For exercise description, let us now consider the Hamming code word $\underline{x} = (0, 1, 0, 1, 1, 0, 0)$ and the received word $\underline{y} = (0, 1, {\rm E} , {\rm E}, 1, 0, 0).$
- The third and fourth bit were thus erased by the channel. The "code word finder" thus has the task to determine the vector $z_{\rm E} = (z_{3}, z_{4})$ with $z_{3}, \ z_{4} \in \{0, 1\}$ to be determined. This is done according to the equation
- $${ \boldsymbol{\rm H}}_{\rm E} \cdot \underline{z}_{\rm E}^{\rm T}= { \boldsymbol{\rm H}}_{\rm K} \cdot \underline{z}_{\rm K}^{\rm T}\hspace{0.05cm}.$$
- In the present example:
- $$\underline{z}_{\rm K} = (0, 1, 1, 0, 0)\hspace{0.05cm},\hspace{0.3cm}{ \boldsymbol{\rm H}}_{\rm K} = \begin{pmatrix} 1 &1 &1 &0 &0\\ 0 &1 &0 &1 &0\\ 1 &1 &0 &0 &1 \end{pmatrix} \hspace{0.05cm}, \hspace{0.3cm}{ \boldsymbol{\rm H}}_{\rm E} = \begin{pmatrix} 1 &0\\ 1 &1\\ 0 &1 \end{pmatrix} \hspace{0.05cm}.$$
- This equation gives two equations for the bits to be determined, whose solution leads to the result $z_{3} = 0$ and $z_{4} = 1$.
Hints:
- This exercise belongs to the chapter "Decoding of Linear Block Codes".

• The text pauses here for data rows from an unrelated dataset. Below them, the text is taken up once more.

lemma finsums_zero [simp]: "0 \<in> finsums G"
  unfolding finsums_def by force

lemma finsums_snoc:
  assumes "x \<in> finsums G" "g \<in> G"
  shows "x + g \<in> finsums G"
proof -
  obtain m :: nat and h where x: "x = (\<Sum>i<m. h i)" and h: "\<forall>i<m. h i \<in> G"
    using assms(1) unfolding finsums_def by blast
  have "x + g = (\<Sum>i<Suc m. (h(m := g)) i)" by (simp add: x)
  moreover have "\<forall>i<Suc m. (h(m := g)) i \<in> G" using h assms(2) by (auto simp: less_Suc_eq)
  ultimately show ?thesis unfolding finsums_def by blast
qed

lemma finsums_induct [consumes 1, case_names zero snoc]:
  assumes "x \<in> finsums G" "P 0"
    and "\<And>w g. w \<in> finsums G \<Longrightarrow> P w \<Longrightarrow> g \<in> G \<Longrightarrow> P (w + g)"
  shows "P x"
proof -
  obtain m :: nat and h where x: "x = (\<Sum>i<m. h i)" and h: "\<forall>i<m. h i \<in> G"
    using assms(1) unfolding finsums_def by blast
  have "(\<Sum>i<m. h i) \<in> finsums G \<and> P (\<Sum>i<m. h i)"
    using h
  proof (induction m)
    case 0
    then show ?case using assms(2) by simp
  next
    case (Suc m)
    then show ?case using assms(3) finsums_snoc[of "\<Sum>i<m. h i" G "h m"] by simp
  qed
  then show ?thesis using x by simp
qed

lemma finsums_base: "g \<in> G \<Longrightarrow> g \<in> finsums G"
  using finsums_snoc[OF finsums_zero] by fastforce

lemma finsums_add:
  assumes "x \<in> finsums G" "y \<in> finsums G"
  shows "x + y \<in> finsums G"
  using assms(2)
proof (induction y rule: finsums_induct)
  case zero
  then show ?case using assms(1) by simp
next
  case (snoc w g)
  then show ?case using finsums_snoc[of "x + w" G g] by (simp add: add.assoc)
qed

lemma finsums_least:
  assumes "G \<subseteq> C" "0 \<in> C" "\<And>x y. x \<in> C \<Longrightarrow> y \<in> C \<Longrightarrow> x + y \<in> C"
  shows "finsums G \<subseteq> C"
proof
  fix x assume "x \<in> finsums G"
  then show "x \<in> C" by (induction x rule: finsums_induct) (use assms in auto)
qed

lemma finsums_additive_image:
  assumes "x \<in> finsums G" "f 0 = 0" "\<And>x y. f (x + y) = f x + f y"
    and "\<And>g. g \<in> G \<Longrightarrow> f g \<in> finsums H"
  shows "f x \<in> finsums H"
  using assms(1) by (induction x rule: finsums_induct) (simp_all add: assms(2-4) finsums_add)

- The algorithm for mapping the received word $\underline{y}$ to the correct code word $\underline{z} = \underline{x}$ is described in detail in the "theory section" .
- We would like to remind again that in BEC decoding we use the first decoder block $\underline{y} → \underline{z}$ as "code word finder" since wrong decisions are excluded here. Each received word is decoded correctly, or it may not be decoded at all.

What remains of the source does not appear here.